Census 2023 unmasks a profound crisis in Pakistan: 63 percent youth and 23 percent adolescents bereft of any schooling, marginalizing millions and imperiling the nation’s trajectory.
These out-of-school groups languish in policy shadows, per reports. The gender chasm yawns wide—75 percent of 15-29-year-old women unschooled against 50 percent men—heralding enduring deficits in jobs, wellness, and engagement.
A pivotal study by Sustainable Development Policy Institute and UNFPA in key provinces evaluates hurdles and reconnection routes for youth to education, employment, health, and civics.
Economic woes force 75 percent exits. Layers of issues: chores, work mandates, school voids, distances, insecurity en route, sociocultural restraints—girls most afflicted by matrimony and molestation fears.
Male youth grapple with juvenile toil in meager-paying roles; two-thirds burdened by early provision duties.
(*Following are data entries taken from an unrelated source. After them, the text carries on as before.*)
(* Let $M$ be a normalizing unit-cancellative monoid. (1) $M$ is acyclic. (2) If $M$ is finitely generated, then $M$ is atomic. (3) If $M$ is finitely generated and reduced, then $\mathcal{A}(M)$ is the unique irredundant generating set for $M$, and it is finite.
   Context: $M^\times$ is the group of units of a monoid $M$; $M$ is reduced if $M^\times=\{1\}$. $M$ is normalizing if $aM=Ma$ for all $a\in M$. $M$ is unit-cancellative if $a=ab$ or $a=ba$ implies $b\in M^\times$. $M$ is acyclic if $a=bac$ implies $b,c\in M^\times$. An atom is a non-unit $a$ such that $a=bc$ implies $b\in M^\times$ or $c\in M^\times$; $\mathcal{A}(M)$ is the set of atoms; $M$ is atomic if every non-unit is a product of atoms. A generating set of $M$ is irredundant if no proper subset of it generates $M$ as a monoid. *)

theory Defs
  imports Main
begin

text \<open>A monoid M is modelled as a type of class monoid_mult (the whole type is M).\<close>

definition is_unit :: "'a::monoid_mult \<Rightarrow> bool" where
  "is_unit a \<longleftrightarrow> (\<exists>b. a * b = 1 \<and> b * a = 1)"

definition reduced_monoid :: "'a::monoid_mult itself \<Rightarrow> bool" where
  "reduced_monoid _ \<longleftrightarrow> (\<forall>a::'a. is_unit a \<longrightarrow> a = 1)"

definition normalizing :: "'a::monoid_mult itself \<Rightarrow> bool" where
  "normalizing _ \<longleftrightarrow> (\<forall>a::'a. range (\<lambda>x. a * x) = range (\<lambda>x. x * a))"

definition unit_cancellative :: "'a::monoid_mult itself \<Rightarrow> bool" where
  "unit_cancellative _ \<longleftrightarrow> (\<forall>a b::'a. (a = a * b \<or> a = b * a) \<longrightarrow> is_unit b)"

definition acyclic_monoid :: "'a::monoid_mult itself \<Rightarrow> bool" where
  "acyclic_monoid _ \<longleftrightarrow> (\<forall>a b c::'a. a = b * a * c \<longrightarrow> is_unit b \<and> is_unit c)"
(* Suppose there is $K>0$ such that $\|\nabla_{(\theta,x)}\ell(\theta,x)-\nabla_{(\theta,x)}\ell(\theta',x')\|\le K\|(\theta,x)-(\theta',x')\|$ for all $(\theta,x),(\theta',x')\in\mathbb{R}^{d_\theta}\times\mathbb{R}^{d_x}$. Then there is a constant $K_{\mathcal{F}}>0$ such that $$\|\nabla_\theta\mathcal{F}(\theta,q)-\nabla_\theta\mathcal{F}(\theta',q')\|\le K_{\mathcal{F}}\big(\|\theta-\theta'\|+\mathsf{W}_1(q,q')\big)$$ for all $\theta,\theta'\in\mathbb{R}^{d_\theta}$ and $q,q'\in\mathcal{P}(\mathbb{R}^{2d_x})$.
   Context: $\ell(\theta,x)=\log p_\theta(y,x)$ for a latent variable model $p_\theta(y,x)$ with fixed data $y$. $\mathcal{P}(\mathbb{R}^{2d_x})$: probability measures on $\mathbb{R}^{d_x}\times\mathbb{R}^{d_x}$ with Lebesgue density and finite second moment; $\mathsf{W}_1$ is the Wasserstein-1 distance. Here $\nabla_\theta\mathcal{F}(\theta,q):=-\int\nabla_\theta\ell(\theta,x)\,q(\mathrm{d}x,\mathrm{d}u)$ is the $\theta$-gradient of the momentum-enriched free energy $\mathcal{F}(\theta,m,q)=\int\log\frac{q(x,u)}{p_\theta(y,x)r_{\eta_x}(u)}q(x,u)\mathrm{d}x\mathrm{d}u+\frac{\eta_\theta}{2}\|m\|^2$ (with $r_{\eta_x}=\mathcal{N}(0,\eta_x^{-1}I)$), which does not depend on $m$. *)

theory Defs
  imports "HOL-Analysis.Analysis" "HOL-Probability.Probability"
begin

definition P2ac :: "('b::euclidean_space \<times> 'b) measure set" where
  "P2ac = {q. prob_space q \<and> sets q = sets borel \<and>
              absolutely_continuous lborel q \<and>
              (\<integral>\<^sup>+ z. ennreal ((norm z)\<^sup>2) \<partial>q) < \<infinity>}"

definition couplings :: "'c::euclidean_space measure \<Rightarrow> 'c measure \<Rightarrow> ('c \<times> 'c) measure set" where
  "couplings q q' = {\<gamma>. prob_space \<gamma> \<and> sets \<gamma> = sets borel \<and>
                       distr \<gamma> borel fst = q \<and> distr \<gamma> borel snd = q'}"

definition W1 :: "'c::euclidean_space measure \<Rightarrow> 'c measure \<Rightarrow> ennreal" where
  "W1 q q' = (INF \<gamma>\<in>couplings q q'. \<integral>\<^sup>+ p. ennreal (dist (fst p) (snd p)) \<partial>\<gamma>)"

text \<open>theta-gradient of the momentum-enriched free energy:
  - \<integral> \<nabla>_theta l(theta,x) q(dx,du), where G is the full gradient of l.\<close>
definition grad_theta_F ::
  "('a::euclidean_space \<times> 'b::euclidean_space \<Rightarrow> 'a \<times> 'b) \<Rightarrow> 'a \<Rightarrow> ('b \<times> 'b) measure \<Rightarrow> 'a" where
  "grad_theta_F G \<theta> q = - (\<integral> p. fst (G (\<theta>, fst p)) \<partial>q)"

end

theory Submission
  imports Defs
begin

text \<open>Put \<open>h t (x, u) = \<nabla>\<^sub>\<theta> l(t, x)\<close>, so that \<open>\<nabla>\<^sub>\<theta>F(\<theta>, q) = - \<integral> h \<theta> dq\<close>; the function \<open>h\<close> is
  \<open>K\<close>-Lipschitz both in \<open>t\<close> and in \<open>(x, u)\<close>. Going from \<open>\<integral> h \<theta> dq\<close> to \<open>\<integral> h \<theta>' dq'\<close> through
  \<open>\<integral> h \<theta>' dq\<close>, the first step costs at most \<open>K \<parallel>\<theta> - \<theta>'\<parallel>\<close> pointwise; the second costs at most
  \<open>K \<integral> dist d\<gamma>\<close> for every coupling \<open>\<gamma>\<close> of \<open>q\<close> and \<open>q'\<close>, hence at most \<open>K W\<^sub>1(q, q')\<close>.
  Finite first moments make all integrals and \<open>W\<^sub>1(q, q')\<close> finite, so \<open>K\<^sub>F = K\<close> works.\<close>

lemma integral_marginal:
  fixes f :: "'c::topological_space \<Rightarrow> 'd::{banach, second_countable_topology}"
  assumes sets_eq: "sets \<gamma> = sets borel" and \<pi>: "\<pi> \<in> borel_measurable borel"
    and marginal: "distr \<gamma> borel \<pi> = \<mu>" and f: "f \<in> borel_measurable borel"
  shows "integrable \<gamma> (\<lambda>p. f (\<pi> p)) \<longleftrightarrow> integrable \<mu> f"
    and "(\<integral>p. f (\<pi> p) \<partial>\<gamma>) = integral\<^sup>L \<mu> f"
proof -
  have \<pi>': "\<pi> \<in> \<gamma> \<rightarrow>\<^sub>M borel"
    using \<pi> by (simp add: measurable_cong_sets[OF sets_eq refl])
  show "integrable \<gamma> (\<lambda>p. f (\<pi> p)) \<longleftrightarrow> integrable \<mu> f"
    using integrable_distr_eq[OF \<pi>' f] marginal by simp
  show "(\<integral>p. f (\<pi> p) \<partial>\<gamma>) = integral\<^sup>L \<mu> f"
    using integral_distr[OF \<pi>' f] marginal by simp
qed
Females log 85 percent days in unremunerated domesticity, voiding education or jobs. Marriages average 18 for girls.
75 percent idle without pay, women foremost; laborers net below 25,000 rupees in fleeting informal setups. Skills programs elude 90 percent.
Health epidemics—malnourishment, aches, psyche turmoil—persist untreated owing to prohibitive fees, mobility snags, knowledge gaps. Systemic overhauls are imperative for Pakistan’s youth redemption.